I asked her to imagine what her fear looks like. She replied that fear was like a white, quivering jelly (this image, of course, reflected her own state). Then I asked, who or what is this jelly afraid of? After thinking, she replied that what caused the fear was a huge gorilla, but this gorilla clearly did nothing against the jelly. This surprised me and I asked her to play the role of a gorilla. She got up from the chair, entered the role of this image, but said that the gorilla does not attack anyone, instead for some reason she wanted to go up to the table and knock on it, while she imperatively said several times: "Come out!" "Who's going out?" I asked. "A little child comes out." she replied. "What does a gorilla do?" “Doesn't do anything, but she wants to take this child by the legs and smash his head against the wall!” Was her answer.

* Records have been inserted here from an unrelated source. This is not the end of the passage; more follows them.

(* $\mathcal{A}(D)/\mathcal{V}(D)$ is a Lie algebra if and only if every affine plane (of order $3$) in $\Pi(D)$ is a vanishing subset of $D$.
   Context: Let $G$ be a group generated by a conjugacy class $D$ of involutions such that for all $d,e\in D$ the order of $de$ is $1$, $2$ or $3$. The Fischer space $\Pi(D)$ has point set $D$ and lines the triples $\{d,e,d^e\}$ with $d,e\in D$ non-commuting; affine planes are subspaces generated by two intersecting lines that are isomorphic to the affine plane of order $3$. $\mathcal{A}(D)$ is the $\mathbb{F}_2$-vector space of finite subsets of $D$ under symmetric difference (basis $D$), with bilinear product determined by $d*e=d+e+f$ if $\{d,e,f\}$ is a line and $d*e=0$ otherwise. The bilinear form is determined by $\langle d,e\rangle=1$ if $d,e$ do not commute and $0$ otherwise; $\mathcal{V}(D)$ is its radical; a finite subset $X\subseteq D$ is vanishing if $X\in\mathcal{V}(D)$, i.e., every $d\in D$ fails to commute with an even number of elements of $X$. *)

theory Defs
  imports "HOL-Algebra.Algebra" "HOL-Library.Numeral_Type"
begin

definition commutes :: "('a, 'b) monoid_scheme \<Rightarrow> 'a \<Rightarrow> 'a \<Rightarrow> bool" where
  "commutes G d e \<longleftrightarrow> d \<otimes>\<^bsub>G\<^esub> e = e \<otimes>\<^bsub>G\<^esub> d"

definition conjg :: "('a, 'b) monoid_scheme \<Rightarrow> 'a \<Rightarrow> 'a \<Rightarrow> 'a" where
  "conjg G d e = inv\<^bsub>G\<^esub> e \<otimes>\<^bsub>G\<^esub> d \<otimes>\<^bsub>G\<^esub> e"

definition fischer_line :: "('a, 'b) monoid_scheme \<Rightarrow> 'a set \<Rightarrow> 'a set \<Rightarrow> bool" where
  "fischer_line G D L \<longleftrightarrow>
     (\<exists>d\<in>D. \<exists>e\<in>D. \<not> commutes G d e \<and> L = {d, e, conjg G d e})"

definition fischer_subspace :: "('a, 'b) monoid_scheme \<Rightarrow> 'a set \<Rightarrow> 'a set \<Rightarrow> bool" where
  "fischer_subspace G D S \<longleftrightarrow> S \<subseteq> D \<and>
     (\<forall>L. fischer_line G D L \<and> 2 \<le> card (L \<inter> S) \<longrightarrow> L \<subseteq> S)"

definition fischer_span :: "('a, 'b) monoid_scheme \<Rightarrow> 'a set \<Rightarrow> 'a set \<Rightarrow> 'a set" where
  "fischer_span G D P = {x. \<forall>S. fischer_subspace G D S \<and> P \<subseteq> S \<longrightarrow> x \<in> S}"

definition ag23_line :: "(3 \<times> 3) set \<Rightarrow> bool" where
  "ag23_line L \<longleftrightarrow> (\<exists>a b c d::3. (c, d) \<noteq> (0, 0) \<and> L = {(a + t * c, b + t * d) | t. True})"

definition iso_AG23 :: "('a, 'b) monoid_scheme \<Rightarrow> 'a set \<Rightarrow> 'a set \<Rightarrow> bool" where
  "iso_AG23 G D S \<longleftrightarrow> (\<exists>f :: 'a \<Rightarrow> 3 \<times> 3. bij_betw f S UNIV \<and>
     (\<forall>L. L \<subseteq> S \<longrightarrow> (fischer_line G D L \<longleftrightarrow> ag23_line (f ` L))))"

definition fischer_affine_plane :: "('a, 'b) monoid_scheme \<Rightarrow> 'a set \<Rightarrow> 'a set \<Rightarrow> bool" where
  "fischer_affine_plane G D S \<longleftrightarrow>
     (\<exists>L1 L2. fischer_line G D L1 \<and> fischer_line G D L2 \<and> L1 \<noteq> L2 \<and> L1 \<inter> L2 \<noteq> {} \<and>
        S = fischer_span G D (L1 \<union> L2) \<and> iso_AG23 G D S)"

(* Underlying set of A(D): finite subsets of D (addition = symmetric difference) *)
definition algA :: "'a set \<Rightarrow> 'a set set" where
  "algA D = {P. finite P \<and> P \<subseteq> D}"

definition symdiff :: "'a set \<Rightarrow> 'a set \<Rightarrow> 'a set" where
  "symdiff P Q = (P - Q) \<union> (Q - P)"

(* product of basis elements: d*e = d+e+f if {d,e,f} is a line, 0 otherwise *)
definition basis_mult :: "('a, 'b) monoid_scheme \<Rightarrow> 'a \<Rightarrow> 'a \<Rightarrow> 'a set" where
  "basis_mult G d e = (if commutes G d e then {} else {d, e, conjg G d e})"

(* bilinear extension over F_2: P*Q = sum_{d in P, e in Q} d*e *)
definition algA_mult :: "('a, 'b) monoid_scheme \<Rightarrow> 'a set \<Rightarrow> 'a set \<Rightarrow> 'a set" where
  "algA_mult G P Q = {f. odd (card {(d, e). d \<in> P \<and> e \<in> Q \<and> f \<in> basis_mult G d e})}"

(* the radical V(D) of the form: vanishing subsets *)
definition vanishing :: "('a, 'b) monoid_scheme \<Rightarrow> 'a set \<Rightarrow> 'a set \<Rightarrow> bool" where
  "vanishing G D P \<longleftrightarrow> P \<in> algA D \<and>
     (\<forall>d\<in>D. even (card {e \<in> P. \<not> commutes G d e}))"

definition algV :: "('a, 'b) monoid_scheme \<Rightarrow> 'a set \<Rightarrow> 'a set set" where
  "algV G D = {P. vanishing G D P}"

(* A(D)/V(D) is a Lie algebra (over F_2): V(D) is an ideal, so the product descends
   to the quotient, and the induced product is alternating and satisfies Jacobi. *)
definition quotient_is_Lie :: "('a, 'b) monoid_scheme \<Rightarrow> 'a set \<Rightarrow> bool" where
  "quotient_is_Lie G D \<longleftrightarrow>
     (\<forall>P\<in>algA D. \<forall>Q\<in>algV G D. algA_mult G P Q \<in> algV G D \<and> algA_mult G Q P \<in> algV G D) \<and>
     (\<forall>P\<in>algA D. algA_mult G P P \<in> algV G D) \<and>
     (\<forall>P\<in>algA D. \<forall>Q\<in>algA D. \<forall>R\<in>algA D.
        symdiff (symdiff (algA_mult G P (algA_mult G Q R)) (algA_mult G Q (algA_mult G R P)))
                (algA_mult G R (algA_mult G P Q)) \<in> algV G D)"

end

theory Submission
  imports Defs "HOL-Library.Z2" "HOL-Library.Indicator_Function" "HOL-Library.Product_Plus"
begin

text \<open>
  A finite subset of \<open>D\<close> is identified with its indicator function into \<open>\<bbbF>\<^sub>2\<close>. Since conjugation
  preserves commuting, the form is associative, \<open>\<langle>g, p q\<rangle> = \<langle>g p, q\<rangle>\<close>, so the radical
  \<open>\<V>(D)\<close> is an ideal; the product is commutative with \<open>P P = 0\<close>, so the quotient is alternating.
  The Jacobiator is trilinear, hence it suffices to look at basis triples \<open>d, e, f\<close>. A case
  analysis of the commuting pairs among \<open>d, e, f\<close> and \<open>f\<^sup>e\<close> shows that the Jacobiator vanishes
  unless \<open>d, e, f\<close> span an affine plane; then they coordinatize it by \<open>\<bbbF>\<^sub>3\<^sup>2\<close>, sitting at
  \<open>(0,0), (1,0), (0,1)\<close>, and their Jacobiator is the sum of three parallel lines, i.e. the whole
  plane. Conversely every affine plane is the Jacobiator of three of its points.
\<close>

section \<open>Sums over \<open>\<bbbF>\<^sub>2\<close>\<close>

(* Keep bit arithmetic in ring form, so that sums cancel by ac_simps. *)
declare add_bit_eq_xor[simp del] mult_bit_eq_and[simp del]

lemma bit_add_self [simp]: "x + x = (0::bit)"
  by (cases x) auto

lemma odd_card_iff_sum_bit:
  assumes "finite A"
  shows "odd (card {x\<in>A. P x}) \<longleftrightarrow> (\<Sum>x\<in>A. of_bool (P x) :: bit) = 1"
proof -
  have of_nat_bit: "(of_nat n :: bit) = of_bool (odd n)" for n
    by (induction n) auto
  have "(\<Sum>x\<in>A. of_bool (P x) :: bit) = of_nat (card {x\<in>A. P x})"
    using assms by (simp add: sum.If_cases Int_def)
  then show ?thesis by (simp add: of_nat_bit)
qed

lemma indicator_symdiff: "indicator (symdiff M N) x = (indicator M x + indicator N x :: bit)"
  by (auto simp: indicator_def symdiff_def)

lemma set_eq_iff_indicator_bit: "M = N \<longleftrightarrow> (\<forall>x. (indicator M x :: bit) = indicator N x)"
  by (auto simp: indicator_def fun_eq_iff split: if_splits)

lemma sum_rotate3: "(\<Sum>q\<in>Q. \<Sum>r\<in>R. \<Sum>p\<in>P. f p q r) = (\<Sum>p\<in>P. \<Sum>q\<in>Q. \<Sum>r\<in>R. f p q r)"
proof -
  have "(\<Sum>q\<in>Q. \<Sum>r\<in>R. \<Sum>p\<in>P. f p q r) = (\<Sum>q\<in>Q. \<Sum>p\<in>P. \<Sum>r\<in>R. f p q r)"
    by (rule sum.cong[OF refl], rule sum.swap)
  also have "\<dots> = (\<Sum>p\<in>P. \<Sum>q\<in>Q. \<Sum>r\<in>R. f p q r)" by (rule sum.swap)
  finally show ?thesis .
qed

lemma sum_bit_symmetric_square:
  fixes f :: "'x \<Rightarrow> 'x \<Rightarrow> bit"
  assumes "finite P" "\<And>d e. d \<in> P \<Longrightarrow> e \<in> P \<Longrightarrow> f d e = f e d" "\<And>d. d \<in> P \<Longrightarrow> f d d = 0"
  shows "(\<Sum>d\<in>P. \<Sum>e\<in>P. f d e) = 0"
  using assms
proof (induction P rule: finite_induct)
  case empty then show ?case by simp
next
  case (insert a F)
  have "(\<Sum>d\<in>F. f d a) = (\<Sum>e\<in>F. f a e)"
    by (rule sum.cong[OF refl]) (use insert in auto)
  moreover have "(\<Sum>d\<in>F. \<Sum>e\<in>F. f d e) = 0" using insert by auto
  ultimately show ?case using insert by (simp add: sum.distrib ac_simps)
qed
(* In the setting below, suppose the data are generated under $H_1$: labels in group $0$ are i.i.d. with weight vector $\Pi^{(0)}=(\pi^{(0)}_1,\dots,\pi^{(0)}_K)$ and labels in group $1$ are i.i.d. with weight vector $\Pi^{(1)}=(\pi^{(1)}_1,\dots,\pi^{(1)}_K)$, where $\Pi^{(0)}\ne\Pi^{(1)}$. Let $\Pi^*=\lambda_0\Pi^{(0)}+(1-\lambda_0)\Pi^{(1)}$ with entries $\pi_k^*$. Then, as $N_0,N_1\to\infty$ with $\lambda_0$ fixed, \[\frac{\operatorname{pr}(H_0\mid C^{(0)},C^{(1)})}{\operatorname{pr}(H_1\mid C^{(0)},C^{(1)})}\sim c\,N^{\frac{K-1}{2}}\prod_{k=1}^K\left(\frac{\pi_k^{(0)}}{\pi_k^*}\right)^{-N\lambda_0\pi_k^{(0)}}\left(\frac{\pi_k^{(1)}}{\pi_k^*}\right)^{-N(1-\lambda_0)\pi_k^{(1)}}\exp\{O_p(N^{1/2})\}.\]
   Context: Setting: fix $K\ge2$, $\alpha\in(0,\infty)^K$, $P_0\in(0,1)$. Two groups of subjects of sizes $N_0,N_1$, $N=N_0+N_1$, $0<\lambda_0=N_0/N<1$ fixed. Each subject has a component label in $\{1,\dots,K\}$; $C^{(0)},C^{(1)}$ are the labels of the two groups, $n_k^{(i)}$ the number of subjects in group $i$ with label $k$, $n_k=n_k^{(0)}+n_k^{(1)}$. The Bayesian model: with prior probability $P_0$, $H_0$ holds (common weight vector $\Pi\sim\mathrm{Dir}(\alpha)$ for both groups); with probability $1-P_0$, $H_1$ holds (independent $\Pi^{(0)},\Pi^{(1)}\sim\mathrm{Dir}(\alpha)$), labels i.i.d. given the weights. The posterior odds are \[\frac{\operatorname{pr}(H_0\mid C^{(0)},C^{(1)})}{\operatorname{pr}(H_1\mid C^{(0)},C^{(1)})}=\frac{P_0\,\beta(\alpha)\,\beta(\vec n+\alpha)}{(1-P_0)\,\beta(\vec n^{(0)}+\alpha)\,\beta(\vec n^{(1)}+\alpha)},\quad \beta(a)=\frac{\prod_k\Gamma(a_k)}{\Gamma(\sum_k a_k)}.\] Define $p_{0k}=n_k^{(0)}/N_0$, $p_{1k}=n_k^{(1)}/N_1$, $p_k=n_k/N$, $r_{0k}=p_{0k}/p_k$, $r_{1k}=p_{1k}/p_k$, and \[c=\frac{P_0}{1-P_0}\left\{\frac{\lambda_0(1-\lambda_0)}{2\pi}\right\}^{\frac{K-1}{2}}\prod_{k=1}^K p_k^{\alpha_k+1/2}(r_{0k}r_{1k})^{1/2-\alpha_k}\] (here $\pi=3.14159\ldots$). $O_p(N^{1/2})$ denotes a random quantity bounded in probability after division by $N^{1/2}$. *)

theory Defs
  imports "HOL-Probability.Probability"
begin

text \<open>Components are labelled 1..K; vectors indexed by components are functions nat => real.\<close>

definition dir_beta :: "nat \<Rightarrow> (nat \<Rightarrow> real) \<Rightarrow> real" where
  "dir_beta K a = (\<Prod>k\<in>{1..K}. Gamma (a k)) / Gamma (\<Sum>k\<in>{1..K}. a k)"

definition cat_pmf :: "nat \<Rightarrow> (nat \<Rightarrow> real) \<Rightarrow> nat pmf" where
  "cat_pmf K w = embed_pmf (\<lambda>k. if k \<in> {1..K} then w k else 0)"

definition sample_H1 :: "nat \<Rightarrow> nat \<Rightarrow> nat \<Rightarrow> (nat \<Rightarrow> real) \<Rightarrow> (nat \<Rightarrow> real)
    \<Rightarrow> ((nat \<Rightarrow> nat) \<times> (nat \<Rightarrow> nat)) pmf" where
  "sample_H1 K N0 N1 w0 w1 =
     pair_pmf (Pi_pmf {0..<N0} 0 (\<lambda>_. cat_pmf K w0)) (Pi_pmf {0..<N1} 0 (\<lambda>_. cat_pmf K w1))"

definition cnt :: "nat \<Rightarrow> (nat \<Rightarrow> nat) \<Rightarrow> nat \<Rightarrow> nat" where
  "cnt M C k = card {j \<in> {0..<M}. C j = k}"

definition post_odds :: "nat \<Rightarrow> (nat \<Rightarrow> real) \<Rightarrow> real \<Rightarrow> nat \<Rightarrow> nat
    \<Rightarrow> (nat \<Rightarrow> nat) \<Rightarrow> (nat \<Rightarrow> nat) \<Rightarrow> real" where
  "post_odds K \<alpha> P0 N0 N1 C0 C1 =
     (P0 * dir_beta K \<alpha> * dir_beta K (\<lambda>k. real (cnt N0 C0 k + cnt N1 C1 k) + \<alpha> k))
     / ((1 - P0) * dir_beta K (\<lambda>k. real (cnt N0 C0 k) + \<alpha> k)
                 * dir_beta K (\<lambda>k. real (cnt N1 C1 k) + \<alpha> k))"

definition c_const :: "nat \<Rightarrow> (nat \<Rightarrow> real) \<Rightarrow> real \<Rightarrow> nat \<Rightarrow> nat
    \<Rightarrow> (nat \<Rightarrow> nat) \<Rightarrow> (nat \<Rightarrow> nat) \<Rightarrow> real" where
  "c_const K \<alpha> P0 N0 N1 C0 C1 =
     (let N = N0 + N1; lam0 = real N0 / real N;
          p0 = (\<lambda>k. real (cnt N0 C0 k) / real N0);
          p1 = (\<lambda>k. real (cnt N1 C1 k) / real N1);
          p = (\<lambda>k. real (cnt N0 C0 k + cnt N1 C1 k) / real N);
          r0 = (\<lambda>k. p0 k / p k); r1 = (\<lambda>k. p1 k / p k)
      in P0 / (1 - P0) * (lam0 * (1 - lam0) / (2 * pi)) powr ((real K - 1) / 2)
         * (\<Prod>k\<in>{1..K}. p k powr (\<alpha> k + 1/2) * (r0 k * r1 k) powr (1/2 - \<alpha> k)))"
(* (a) For every integer $i\ge 1$ and every integer $m\ge i+1$, $$d_i^2(m)\bigl(d_i^2(m)-d_i(m-1)d_i(m+1)\bigr)>d_i^2(m-1)\bigl(d_i^2(m+1)-d_i(m)d_i(m+2)\bigr).$$ (b) For $i=0$ the reverse strict inequality holds: for every integer $m\ge 1$, $$d_0^2(m)\bigl(d_0^2(m)-d_0(m-1)d_0(m+1)\bigr)<d_0^2(m-1)\bigl(d_0^2(m+1)-d_0(m)d_0(m+2)\bigr).$$
   Context: For integers $m\ge 0$ and $0\le i\le m$, the Boros–Moll numbers are $$d_i(m)=2^{-2m}\sum_{k=i}^{m}2^k\binom{2m-2k}{m-k}\binom{m+k}{k}\binom{k}{i}.$$ *)

theory Defs
  imports Complex_Main
begin

definition boros_moll :: "nat \<Rightarrow> nat \<Rightarrow> real" where
  "boros_moll i m = (\<Sum>k=i..m. 2 ^ k * real ((2*m - 2*k) choose (m - k))
      * real ((m + k) choose k) * real (k choose i)) / 2 ^ (2*m)"

end

theory Submission
  imports Defs
begin

text \<open>
  The numbers d_i(m) satisfy Moll's three-term recurrence
  C_i(m) d_i(m+2) = A_i(m) d_i(m+1) - B_i(m) d_i(m), which follows by Wilf--Zeilberger telescoping
  over the summands. For i = 0 it collapses to d_0(m+1) / d_0(m) = (4m+3)/(2m+2), and (b) becomes an
  inequality between rational functions of m.

  For i \<ge> 1, eliminating d_i(m+1) and d_i(m+2) with the recurrence turns C_i(m) C_i(m-1)^2 times
  the difference of the two sides into a binary quartic form in (d_i(m), d_i(m-1)). Induction along
  the recurrence gives the lower bound d_i(m) / d_i(m-1) \<ge> L_i(m) for an explicit rational L_i, and
  the quartic form is positive on that range: in the variables j = i - 1, p = m - i - 1 and the excess
  s of the ratio over L_i(m) it expands into a polynomial with positive coefficients.
\<close>

lemma central_binomial_Suc:
  "Suc q * (2 * Suc q choose Suc q) = 2 * (2 * q + 1) * (2 * q choose q)"
proof -
  have "2 * Suc q = Suc (2*q+1)" by simp
  then have a: "Suc q * (2 * Suc q choose Suc q) = 2 * Suc q * ((2*q+1) choose q)"
    using Suc_times_binomial[of q "2*q+1"] by simp
  have b: "Suc q * ((2*q+1) choose q) = (2*q+1) * (2*q choose q)"
    using binomial_absorb_comp[of "2*q+1" q] by (simp add: Suc_diff_le)
  have "Suc q * (Suc q * (2 * Suc q choose Suc q)) = Suc q * (2 * Suc q * ((2*q+1) choose q))"
    by (simp only: a)
  also have "\<dots> = 2 * Suc q * (Suc q * ((2*q+1) choose q))"
    by (simp only: ac_simps)
  also have "\<dots> = 2 * Suc q * ((2*q+1) * (2*q choose q))"
    by (simp only: b)
  also have "\<dots> = Suc q * (2 * (2*q+1) * (2*q choose q))"
    by (simp only: ac_simps)
  finally show ?thesis by (simp only: mult_cancel1 nat.distinct simp_thms)
qed

lemma Suc_times_binomial_add_left:
  "Suc n * (Suc n + k choose k) = (Suc n + k) * (n + k choose k)"
  using binomial_absorb_comp[of "Suc n + k" k] by simp

lemma real_binomial_absorb_comp:
  "(real n - real k) * real (n choose k) = real n * real ((n - 1) choose k)"
proof (cases "k \<le> n")
  case True
  then show ?thesis using binomial_absorb_comp[of n k] by (metis of_nat_diff of_nat_mult)
next
  case False
  then show ?thesis by (simp add: binomial_eq_0)
qed

text \<open>The k-th summand of d_i(m). The guard k \<le> m is needed because for k > m the truncated
  subtraction would turn the first binomial coefficient into 0 choose 0 = 1.\<close>

definition bm_term :: "nat \<Rightarrow> nat \<Rightarrow> nat \<Rightarrow> real" where
  "bm_term i m k = (if k \<le> m then 2 ^ k * real ((2*m - 2*k) choose (m - k))
      * real ((m + k) choose k) * real (k choose i) / 4 ^ m else 0)"

lemma boros_moll_eq_sum_bm_term_atLeastAtMost:
  "boros_moll i m = (\<Sum>k=i..m. bm_term i m k)"
  by (simp add: boros_moll_def bm_term_def sum_divide_distrib power_mult)

lemma boros_moll_eq_sum_bm_term:
  assumes "m < N"
  shows "boros_moll i m = (\<Sum>k<N. bm_term i m k)"
proof -
  have "(\<Sum>k<N. bm_term i m k) = (\<Sum>k\<le>m. bm_term i m k)"
    using assms by (intro sum.mono_neutral_right) (auto simp: bm_term_def)
  also have "\<dots> = (\<Sum>k=i..m. bm_term i m k)"
    by (intro sum.mono_neutral_right) (auto simp: bm_term_def binomial_eq_0)
  finally show ?thesis
    by (simp add: boros_moll_eq_sum_bm_term_atLeastAtMost)
qed

lemma bm_term_Suc_upper:
  "2 * (real m + 1 - real k) * (real m + 1) * bm_term i (Suc m) k
     = (2 * real m - 2 * real k + 1) * (real m + real k + 1) * bm_term i m k"
proof (cases "k \<le> m")
  case True
  then obtain q where m: "m = k + q" using le_Suc_ex by blast
  define C0 where "C0 = real (2 * q choose q)"
  define C1 where "C1 = real (2 * Suc q choose Suc q)"
  define D0 where "D0 = real (m + k choose k)"
  define D1 where "D1 = real (Suc m + k choose k)"
  define E where "E = real (k choose i)"
  have t0: "bm_term i m k = 2 ^ k * C0 * D0 * E / 4 ^ m"
    using True by (simp add: bm_term_def C0_def D0_def E_def m mult_2)
  have "2 * Suc m - 2 * k = 2 * Suc q" "Suc m - k = Suc q" by (simp_all add: m)
  then have t1: "bm_term i (Suc m) k = 2 ^ k * C1 * D1 * E / 4 ^ Suc m"
    using True unfolding bm_term_def C1_def D1_def E_def by simp
  have c: "real (Suc q) * C1 = 2 * (2 * real q + 1) * C0"
    unfolding C0_def C1_def using arg_cong[OF central_binomial_Suc, of real]
    by (simp only: of_nat_mult of_nat_add of_nat_numeral of_nat_1)
  have d: "real (Suc m) * D1 = (real m + real k + 1) * D0"
    unfolding D0_def D1_def using arg_cong[OF Suc_times_binomial_add_left[of m k], of real]
    by (simp only: of_nat_mult of_nat_add of_nat_1 of_nat_Suc) (simp add: algebra_simps)
  have "2 * (real m + 1 - real k) * (real m + 1) * bm_term i (Suc m) k
      = (real (Suc q) * C1) * (real (Suc m) * D1) * 2 ^ k * E / (2 * 4 ^ m)"
    unfolding t1 by (simp add: m field_simps)
  also have "\<dots> = (2 * real m - 2 * real k + 1) * (real m + real k + 1) * bm_term i m k"
    unfolding c d t0 by (simp add: m field_simps)
  finally show ?thesis .
next
  case False
  then show ?thesis by (cases "k = Suc m") (auto simp: bm_term_def)
qed

lemma bm_term_Suc_Suc:
  "2 * (real m + 1) * (real k + 1 - real i) * bm_term i (Suc m) (Suc k)
     = (real m + real k + 1) * (real m + real k + 2) * bm_term i m k"
proof (cases "k \<le> m")
  case True
  then obtain q where m: "m = k + q" using le_Suc_ex by blast
  define C where "C = real (2 * q choose q)"
  define D0 where "D0 = real (m + k choose k)"
  define D1 where "D1 = real (Suc m + k choose k)"
  define D2 where "D2 = real (Suc (Suc m + k) choose Suc k)"
  define E0 where "E0 = real (k choose i)"
  define E1 where "E1 = real (Suc k choose i)"
  have t0: "bm_term i m k = 2 ^ k * C * D0 * E0 / 4 ^ m"
    using True by (simp add: bm_term_def C_def D0_def E0_def m mult_2)
  have "2 * Suc m - 2 * Suc k = 2 * q" "Suc m - Suc k = q" "Suc m + Suc k = Suc (Suc m + k)"
    by (simp_all add: m)
  then have t1: "bm_term i (Suc m) (Suc k) = 2 ^ Suc k * C * D2 * E1 / 4 ^ Suc m"
    using True unfolding bm_term_def C_def D2_def E1_def by simp
  have d2: "real (Suc k) * D2 = (real m + real k + 2) * D1"
    unfolding D1_def D2_def using arg_cong[OF Suc_times_binomial[of k "Suc m + k"], of real]
    by (simp only: of_nat_mult of_nat_add of_nat_1 of_nat_Suc)
      (simp add: algebra_simps del: binomial_Suc_Suc)
  have d1: "real (Suc m) * D1 = (real m + real k + 1) * D0"
    unfolding D0_def D1_def using arg_cong[OF Suc_times_binomial_add_left[of m k], of real]
    by (simp only: of_nat_mult of_nat_add of_nat_1 of_nat_Suc) (simp add: algebra_simps)
  have e: "(real k + 1 - real i) * E1 = real (Suc k) * E0"
    unfolding E0_def E1_def using real_binomial_absorb_comp[of "Suc k" i] by (simp add: ac_simps)
  have "2 * (real m + 1) * (real k + 1 - real i) * bm_term i (Suc m) (Suc k)
      = (real (Suc m) * ((real k + 1 - real i) * E1 * D2)) * 2 ^ k * C / 4 ^ m"
    by (simp add: t1 field_simps)
  also have "\<dots> = (real m + real k + 1) * (real m + real k + 2) * bm_term i m k"
  proof -
    have "real (Suc m) * ((real k + 1 - real i) * E1 * D2)
        = (real m + real k + 1) * (real m + real k + 2) * D0 * E0"
      by (metis d1 d2 e mult.assoc mult.commute mult.left_commute)
    then show ?thesis by (simp add: t0 field_simps)
  qed
  finally show ?thesis .
next
  case False
  then show ?thesis by (simp add: bm_term_def)
qed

I would like to leave this episode without comment, it speaks for itself, although of course there are people who can write off this case simply at the expense of the schizophrenic fantasy of this young woman, especially since she herself then began to deny that it was a gorilla - her image mother, that in fact, she was the desired child for the mother, etc. This was in complete contradiction with what she said before, with many details and details, so it is easy to understand that such a turn in her mind was a way to protect herself from unwanted understanding.

Is it because our science has not yet discovered the essence of schizophrenia, because it also defends itself against unwanted understanding.

I think that the list of references is not needed, but still I will give the sources on which I relied.

Literature.

1. Bateson G., Jackson D. D., Hayley J., Wickland J. Towards the theory of schizophrenia. - Mosk. Psychoter. Journal., No. 1-2, 1993.

2. Brill A. Lectures on psychoanalytic psychiatry. - Yekaterinburg, 1998.

3. Kaplan G. I., Sadok B. J. Clinical psychiatry. - M., 1994.

4. Kempinski A. Psychology of schizophrenia. - S.-Pb., 1998.

5. Kisker K. P., Freiberger G., Rose G. K., Wolf E. Psychiatry, psychosomatics, psychotherapy. - M., 1999.

6. Reich V. Analysis of personality. - S.-Pb., 1999.

7. Sweet K. Jump off the hook. - S.-Pb., 1997.

8. Smetannikov P. G. Psychiatry. - S.-Pb., 1996.

9. Fuller Torrey E. Schizophrenia. - S.-Pb., 1996.

10. Hell D., Fischer-Felten M. Schizophrenia. - M., 1998.

11. Kjell L., Ziegler D. Theories of personality. - S.-Pb., 1997.

12. Jung K. G. Analytical psychology.- S.-Pb., 1994.